GemfireXD 1.4.0 to 1.4.x
This document describes workarounds and solution to resolve a distributed deadlock issue during the AsyncEventListener Queue recovery when GemfireXD servers is restarting.
Server1 log snippet:
GemfireXD servers hang and fail to restart with the following logs:
[info 2015/05/26 18:22:56.977 CST <CacheServerLauncher#serverConnector> tid=0xd] Region /AsyncEventQueue_Listener2_SERIAL_GATEWAY_SENDER_QUEUE has potentially stale data. It is waiting for another member to recover the latest data. My persistent id: DiskStore ID: 33fe3f15-dae9-4433-8297-b2993b492914 Name: Location: /172.16.43.142:/home/gpadmin/gemfirexdpnp/nodeserver01/./Listener2_DS Members with potentially new data: [ DiskStore ID: 3bfecd04-1cad-43a9-9187-68179bd6307e Name: Location: /172.16.43.142:/home/gpadmin/gemfirexdpnp/nodeserver02/./Listener2_DS ] Use the "gfxd list-missing-disk-stores" command to see all disk stores that are being waited on by other members.
Server2 log snippet:
[info 2015/05/26 18:22:49.850 CST <CacheServerLauncher#serverConnector> tid=0xd] Region AsyncEventQueue_Listener1_SERIAL_GATEWAY_SENDER_QUEUE requesting initial image from 172.16.43.142(106501)<v2>:26755 [warning 2015/05/26 18:23:04.851 CST <CacheServerLauncher#serverConnector> tid=0xd] 15 seconds have elapsed while waiting for replies: <com.gemstone.gemfire.internal.cache.InitialImageOperation$ImageProcessor 51 waiting for 1 replies from [172.16.43.142(106501)<v2>:26755]; waiting for 0 messages in-flight; region=/AsyncEventQueue_Listener1_SERIAL_GATEWAY_SENDER_QUEUE; abort=false> on 172.16.43.142(106671)<v3>:5021 whose current membership list is: [[pivhdsne(106355)<v1>:41338, 172.16.43.142(106501)<v2>:26755, pivhdsne(106229)<v0>:38577, 172.16.43.142(106671)<v3>:5021]]

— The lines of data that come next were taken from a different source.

section \<open>Forcing sets versus resonant sets\<close>

lemma perfect_matching_flip:
  assumes PM: "perfect_matching V E M" and "H \<subseteq> E"
    and alternating: "\<And>v. v \<in> V \<Longrightarrow> v \<in> \<Union>H \<Longrightarrow>
      \<exists>f g. {e \<in> H. v \<in> e} = {f, g} \<and> (f \<in> M \<longleftrightarrow> g \<notin> M)"
  shows "perfect_matching V E (M - H \<union> (H - M))"
  unfolding perfect_matching_def
proof (intro conjI ballI)
  show "M - H \<union> (H - M) \<subseteq> E"
    using PM \<open>H \<subseteq> E\<close> by (auto simp: perfect_matching_def)
next
  fix v assume v: "v \<in> V"
  then obtain e0 where e0: "e0 \<in> M" "v \<in> e0" and unique: "\<And>e. e \<in> M \<Longrightarrow> v \<in> e \<Longrightarrow> e = e0"
    using PM unfolding perfect_matching_def by metis
  show "\<exists>!e. e \<in> M - H \<union> (H - M) \<and> v \<in> e"
  proof (cases "v \<in> \<Union>H")
    case False
    then have "e \<in> M - H \<union> (H - M) \<and> v \<in> e \<longleftrightarrow> e = e0" for e
      using e0 unique by blast
    then show ?thesis by (intro ex1I[of _ e0]) simp_all
  next
    case True
    from alternating[OF v True] obtain f g
      where fg: "{e \<in> H. v \<in> e} = {f, g}" "f \<in> M \<longleftrightarrow> g \<notin> M"
      by blast
    then have "f \<in> M \<longrightarrow> f = e0" "g \<in> M \<longrightarrow> g = e0"
      using unique by blast+
    then obtain e1 where "{e \<in> H. v \<in> e} = {e0, e1}" "e1 \<notin> M"
      using fg by (metis insert_commute)
    then have at_v: "e \<in> H \<and> v \<in> e \<longleftrightarrow> e = e0 \<or> e = e1" and "e1 \<notin> M" for e
      unfolding set_eq_iff by auto
    show ?thesis
    proof (rule ex1I[of _ e1])
      show "e1 \<in> M - H \<union> (H - M) \<and> v \<in> e1"
        using at_v[of e1] \<open>e1 \<notin> M\<close> by blast
    next
      fix e assume e: "e \<in> M - H \<union> (H - M) \<and> v \<in> e"
      show "e = e1"
      proof (cases "e \<in> M")
        case True
        then show ?thesis using unique[of e] e at_v[of e0] by blast
      next
        case False
        then show ?thesis using e e0(1) at_v[of e] by blast
      qed
    qed
  qed
qed

lemma perfect_matching_flip_hexagon:
  assumes "perfect_matching V E M" "hex_edges c \<subseteq> E" "alternating_cycle M (hex_elist c)"
  shows "perfect_matching V E (M - hex_edges c \<union> (hex_edges c - M))"
proof (rule perfect_matching_flip[OF assms(1,2)])
  fix v assume "v \<in> \<Union> (hex_edges c)"
  then obtain i where i: "i < 6"
      "{e \<in> hex_edges c. v \<in> e} = {hex_elist c ! i, hex_elist c ! ((i + 1) mod 6)}"
    using hex_edges_at_vertex hex_edge_subset_verts by blast
  have len: "length (hex_elist c) = 6" by (simp add: hex_elist_def)
  have "(hex_elist c ! i \<in> M) \<noteq> (hex_elist c ! ((i + 1) mod 6) \<in> M)"
    using assms(3)[unfolded alternating_cycle_def len, rule_format, OF i(1)] .
  then show "\<exists>f g. {e \<in> hex_edges c. v \<in> e} = {f, g} \<and> (f \<in> M \<longleftrightarrow> g \<notin> M)"
    unfolding i(2) by blast
qed

lemma forcing_setD: "forcing_set V E M S \<Longrightarrow> perfect_matching V E M' \<Longrightarrow> S \<subseteq> M' \<Longrightarrow> M' = M"
  by (simp add: forcing_set_def)

lemma forcing_set_meets_alternating_hexagon:
  assumes "perfect_matching V E M" "forcing_set V E M S"
    and "hex_edges c \<subseteq> E" "alternating_cycle M (hex_elist c)"
  shows "S \<inter> hex_edges c \<noteq> {}"
proof
  assume disjoint: "S \<inter> hex_edges c = {}"
  let ?M' = "M - hex_edges c \<union> (hex_edges c - M)"
  have "perfect_matching V E ?M'"
    using perfect_matching_flip_hexagon assms(1,3,4) .
  moreover have "S \<subseteq> ?M'" using assms(2) disjoint by (auto simp: forcing_set_def)
  ultimately have "?M' = M" by (rule forcing_setD[OF assms(2)])
  obtain x y where "c = (x, y)" by (cases c)
  then have "hedge x y \<in> hex_edges c" by (simp add: hex_edges_eq)
  then have "hedge x y \<in> ?M' \<longleftrightarrow> hedge x y \<notin> M" by blast
  with \<open>?M' = M\<close> show False by simp
qed

lemma card_resonant_le_card_forcing:
  assumes PM: "perfect_matching V E M" and "finite E"
    and hexagons: "\<And>c. c \<in> Hs \<Longrightarrow> hex_edges c \<subseteq> E"
    and S: "forcing_set V E M S" and R: "resonant_set Hs M R"
  shows "card R \<le> card S"
proof -
  have "\<forall>c\<in>R. \<exists>e. e \<in> S \<inter> hex_edges c"
    using R forcing_set_meets_alternating_hexagon[OF PM S hexagons]
    unfolding resonant_set_def by blast
  from bchoice[OF this] obtain pick where pick: "\<forall>c\<in>R. pick c \<in> S \<inter> hex_edges c" ..
  have "inj_on pick R"
  proof (rule inj_onI)
    fix c d assume "c \<in> R" "d \<in> R" "pick c = pick d"
    then have "pick c \<noteq> {}" "pick c \<subseteq> hex_verts c" "pick c \<subseteq> hex_verts d"
      using pick hex_edge_subset_verts by blast+
    then show "c = d"
      using R \<open>c \<in> R\<close> \<open>d \<in> R\<close> unfolding resonant_set_def by blast
  qed
  moreover have "finite S"
    using S PM \<open>finite E\<close> unfolding forcing_set_def perfect_matching_def by (meson finite_subset)
  ultimately show ?thesis
    using pick by (intro card_inj_on_le) auto
qed

lemma Min_eq_Max_by_duality:
  fixes A B :: "'a::linorder set"
  assumes "finite A" "finite B" "a \<in> A" "b \<in> B" "a \<le> b"
    and "\<And>x y. x \<in> A \<Longrightarrow> y \<in> B \<Longrightarrow> y \<le> x"
  shows "Min A = Max B"
proof (rule antisym)
  show "Min A \<le> Max B"
    using assms(1-5) by (meson Max_ge Min_le order_trans)
  show "Max B \<le> Min A"
    using assms by (metis Max_in Min_in empty_iff)
qed

lemma forcing_number_eq_max_resonant:
  assumes PM: "perfect_matching V E M" and "finite E" and "finite Hs"
    and hexagons: "\<And>c. c \<in> Hs \<Longrightarrow> hex_edges c \<subseteq> E"
    and S: "forcing_set V E M S" and R: "resonant_set Hs M R" and "card S \<le> card R"
  shows "forcing_number V E M = max_resonant Hs M"
  unfolding forcing_number_def max_resonant_def
proof (rule Min_eq_Max_by_duality)
  have "finite M" using PM \<open>finite E\<close> unfolding perfect_matching_def by (meson finite_subset)
  then show "finite (card ` {S. forcing_set V E M S})"
    unfolding forcing_set_def by (auto intro: finite_subset[of _ "Pow M"])
  show "finite (card ` {R. resonant_set Hs M R})"
    using \<open>finite Hs\<close> unfolding resonant_set_def by (auto intro: finite_subset[of _ "Pow Hs"])
  show "card S \<in> card ` {S. forcing_set V E M S}" "card R \<in> card ` {R. resonant_set Hs M R}"
    using S R by auto
  show "card S \<le> card R" by fact
  fix x y assume "x \<in> card ` {S. forcing_set V E M S}" "y \<in> card ` {R. resonant_set Hs M R}"
  then obtain S' R' where "forcing_set V E M S'" "resonant_set Hs M R'" "x = card S'" "y = card R'"
    by blast
  then show "y \<le> x"
    using card_resonant_le_card_forcing[OF PM \<open>finite E\<close> hexagons] by simp
qed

The second node is waiting for asynchronize recovery while iterating, which was causing a distributed deadlock.
Warkaround 1: Set system property RECOVER_VALUES_SYNC to TRUE, so that the Asynceventlisteners Queue data recovery are synchronous and in order, i.e.:
Workaround 2: Use a single AsyncEventListener instead of multiple AsyncEventListeners.
GemfireXD 126.96.36.199 and above include the fix for this issue:
#52317 Do not wait for async recovery while iterating. It was causing a distributed deadlock.